* **Work task**: Could you copy every line of the data that contains "real"?

+++ Supplied data

lemma slope_chain_not_periodic:
  fixes k u :: "nat \<Rightarrow> real"
  assumes "a \<noteq> 0"
    and "\<And>i. a * (k i - u i)^2 = \<beta> * k i + \<gamma>"
    and "\<And>i. a * (k (Suc i) - u i)^2 = \<beta> * k (Suc i) + \<gamma>"
    and "\<And>i. k i \<noteq> k (Suc i)" "\<And>i. u i \<noteq> u (Suc i)"
    and "m > 0" and periodic: "\<And>i. k (i + m) = k i"
  shows False
proof -
  have step: "a * (k i + k (Suc i) - 2 * u i) = \<beta>" "u (Suc i) - k (Suc i) = u i - k i + \<beta> / a"
    for i
    using slope_chain_step[of a k u \<beta> \<gamma> i, OF assms(1-3) assms(4,5)[of i]] by simp_all
  have gap: "u i - k i = u 0 - k 0 + real i * (\<beta> / a)" for i
  proof (induction i)
    case (Suc i)
    then show ?case
      using step(2)[of i] by (simp only: of_nat_Suc distrib_right)
  qed simp
  have "u i = (k i + k (Suc i)) / 2 - \<beta> / (2 * a)" for i
    using step(1)[of i] \<open>a \<noteq> 0\<close> by (simp add: field_simps)
  then have "u m = u 0"
    using periodic[of 0] periodic[of 1] by simp
  then have "real m * (\<beta> / a) = 0"
    using gap[of m] periodic[of 0] by simp
  with \<open>m > 0\<close> \<open>a \<noteq> 0\<close> have "\<beta> = 0" by simp
  then have arith_prog: "k i = k 0 + real i * (2 * (u 0 - k 0))" for i
  proof (induction i)
    case (Suc i)
    have "k (Suc i) = k i + 2 * (u i - k i)"
      using step(1)[of i] \<open>\<beta> = 0\<close> \<open>a \<noteq> 0\<close> by simp
    then show ?case using Suc gap[of i] \<open>\<beta> = 0\<close> by (simp add: algebra_simps)
  qed simp
  have "u 0 = k 0"
    using arith_prog[of m] \<open>m > 0\<close> periodic[of 0] by simp
  then have "k 1 = k 0" using arith_prog[of 1] by simp
  with \<open>\<And>i. k i \<noteq> k (Suc i)\<close>[of 0] show False by simp
qed

lemma normal_conic_point_on_axis:
  assumes "a \<noteq> 0" "conic_eval (a, b, c, 0, 1, 0) z = 0" "snd z = 0"
  shows "z = 0"
  using assms by (cases z) (simp add: zero_prod_def)

lemma normal_conic_tangent_through_origin:
  assumes "conic_eval (a, b, c, 0, 1, 0) w = 0"
  shows "conic_grad (a, b, c, 0, 1, 0) w \<bullet> (0 - w) = snd w"
proof -
  have "conic_grad (a, b, c, 0, 1, 0) w \<bullet> (0 - w) = snd w - 2 * conic_eval (a, b, c, 0, 1, 0) w"
    by (cases w) (simp add: power2_eq_square algebra_simps)
  with assms show ?thesis by simp
qed

lemma normal_conic_slope_inj:
  assumes "conic_eval (a, b, c, 0, 1, 0) z = 0" "conic_eval (a, b, c, 0, 1, 0) w = 0"
    and "snd z \<noteq> 0" "snd w \<noteq> 0" "fst z / snd z = fst w / snd w"
  shows "z = w"
proof -
  obtain x y x' y' where z: "z = (x, y)" and w: "w = (x', y')" by (cases z, cases w)
  define s where "s = x / y"
  have s': "s = x' / y'" using assms(5) by (simp add: z w s_def)
  have "y \<noteq> 0" "y' \<noteq> 0" using assms(3,4) by (simp_all add: z w)
  have x: "x = s * y" using \<open>y \<noteq> 0\<close> by (simp add: s_def)
  have x': "x' = s * y'" using \<open>y' \<noteq> 0\<close> by (simp add: s')
  have "y * (1 + (a * s^2 + b * s + c) * y) = 0" "y' * (1 + (a * s^2 + b * s + c) * y') = 0"
    using assms(1,2) unfolding z w x x' by (simp_all add: algebra_simps power2_eq_square)
  then have y: "1 + (a * s^2 + b * s + c) * y = 0" and "1 + (a * s^2 + b * s + c) * y' = 0"
    using \<open>y \<noteq> 0\<close> \<open>y' \<noteq> 0\<close> by simp_all
  then have "(a * s^2 + b * s + c) * (y - y') = 0" by (simp add: algebra_simps)
  moreover have "a * s^2 + b * s + c \<noteq> 0" using y by auto
  ultimately have "y = y'" by simp
  then show ?thesis by (simp add: z w x x')
qed

lemma normal_conic_tangency_slopes:
  assumes z: "conic_eval (a, b, c, 0, 1, 0) z = 0" and w: "conic_eval (a, b', c', 0, 1, 0) w = 0"
    and "snd z \<noteq> 0" "snd w \<noteq> 0"
  shows "conic_grad (a, b', c', 0, 1, 0) w \<bullet> (z - w) =
    snd w * snd z * ((b' - b) * (fst z / snd z) + (c' - c) - a * (fst z / snd z - fst w / snd w)^2)"
proof -
  obtain x1 y1 x0 y0 where zw: "z = (x1, y1)" "w = (x0, y0)" by (cases z, cases w)
  have "y0 \<noteq> 0" "y1 \<noteq> 0" using assms(3,4) by (simp_all add: zw)
  have h1: "a * x1^2 = - y1 - b * x1 * y1 - c * y1^2" using z by (simp add: zw)
  have h0: "a * x0^2 = - y0 - b' * x0 * y0 - c' * y0^2" using w by (simp add: zw)
  have "y0 * y1 * ((b' - b) * (x1 / y1) + (c' - c) - a * (x1 / y1 - x0 / y0)^2)
      = (b' - b) * x1 * y0 + (c' - c) * y0 * y1 - (a * x1^2) * y0 / y1 + 2 * a * x1 * x0
        - (a * x0^2) * y1 / y0"
    using \<open>y0 \<noteq> 0\<close> \<open>y1 \<noteq> 0\<close> by (simp add: field_simps power2_eq_square)
  also have "\<dots> = (b' - b) * x1 * y0 + (c' - c) * y0 * y1 + (y0 + b * x1 * y0 + c * y0 * y1)
      + 2 * a * x1 * x0 + (y1 + b' * x0 * y1 + c' * y0 * y1)"
    unfolding h1 h0 using \<open>y0 \<noteq> 0\<close> \<open>y1 \<noteq> 0\<close> by (simp add: field_simps power2_eq_square)
  also have "\<dots> = conic_grad (a, b', c', 0, 1, 0) w \<bullet> (z - w)"
    using h0 by (simp add: zw algebra_simps power2_eq_square)
  finally show ?thesis by (simp add: zw)
qed
lemma gf2_sum_scale_of_bool:
  assumes "finite B"
  shows "(\<Sum>v\<in>B. gf2_scale (of_bool (v \<in> T)) v) = \<Sum>(B \<inter> T)"
  using assms by (simp add: gf2_scale_of_bool sum.If_cases)

lemma gf2_span_eq_subset_sums:
  assumes "finite S"
  shows "gf2.span S = Sum ` Pow S"
proof
  show "Sum ` Pow S \<subseteq> gf2.span S"
    by (blast intro: gf2.span_sum gf2.span_base)
  have bit_eq: "c = of_bool (c = 1)" for c :: bit
    by (cases c) simp_all
  have "(\<Sum>v\<in>S. gf2_scale (u v) v) = \<Sum>(S \<inter> {v. u v = 1})" for u :: "('a \<Rightarrow> bit) \<Rightarrow> bit"
    using gf2_sum_scale_of_bool[OF assms, of "{v. u v = 1}"] by (simp only: mem_Collect_eq flip: bit_eq)
  then show "gf2.span S \<subseteq> Sum ` Pow S"
    unfolding gf2.span_finite[OF assms] by auto
qed

lemma finite_gf2_span: "finite S \<Longrightarrow> finite (gf2.span S)"
  by (simp add: gf2_span_eq_subset_sums)

lemma inj_on_Sum_Pow_gf2_independent:
  assumes indep: "gf2.independent B" and "finite B"
  shows "inj_on Sum (Pow B)"
proof (rule inj_onI)
  fix T1 T2 assume T: "T1 \<in> Pow B" "T2 \<in> Pow B" and eq: "\<Sum>T1 = \<Sum>T2"
  define u :: "('a \<Rightarrow> bit) \<Rightarrow> bit" where "u v = of_bool (v \<in> T1) - of_bool (v \<in> T2)" for v
  have "(\<Sum>v\<in>B. gf2_scale (u v) v) = \<Sum>(B \<inter> T1) - \<Sum>(B \<inter> T2)"
    unfolding u_def gf2.scale_left_diff_distrib sum_subtractf
    using gf2_sum_scale_of_bool[OF \<open>finite B\<close>] by simp
  also have "\<dots> = 0"
    using T eq by (simp add: Int_absorb1)
  finally have "u v = 0" if "v \<in> B" for v
    using gf2.independentD[OF indep \<open>finite B\<close> subset_refl] that by blast
  then show "T1 = T2"
    using T by (auto simp: u_def)
qed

++++++

* **Result**:
  fixes k u :: "nat \<Rightarrow> real"
  have gap: "u i - k i = u 0 - k 0 + real i * (\<beta> / a)" for i
  then have "real m * (\<beta> / a) = 0"
  then have arith_prog: "k i = k 0 + real i * (2 * (u 0 - k 0))" for i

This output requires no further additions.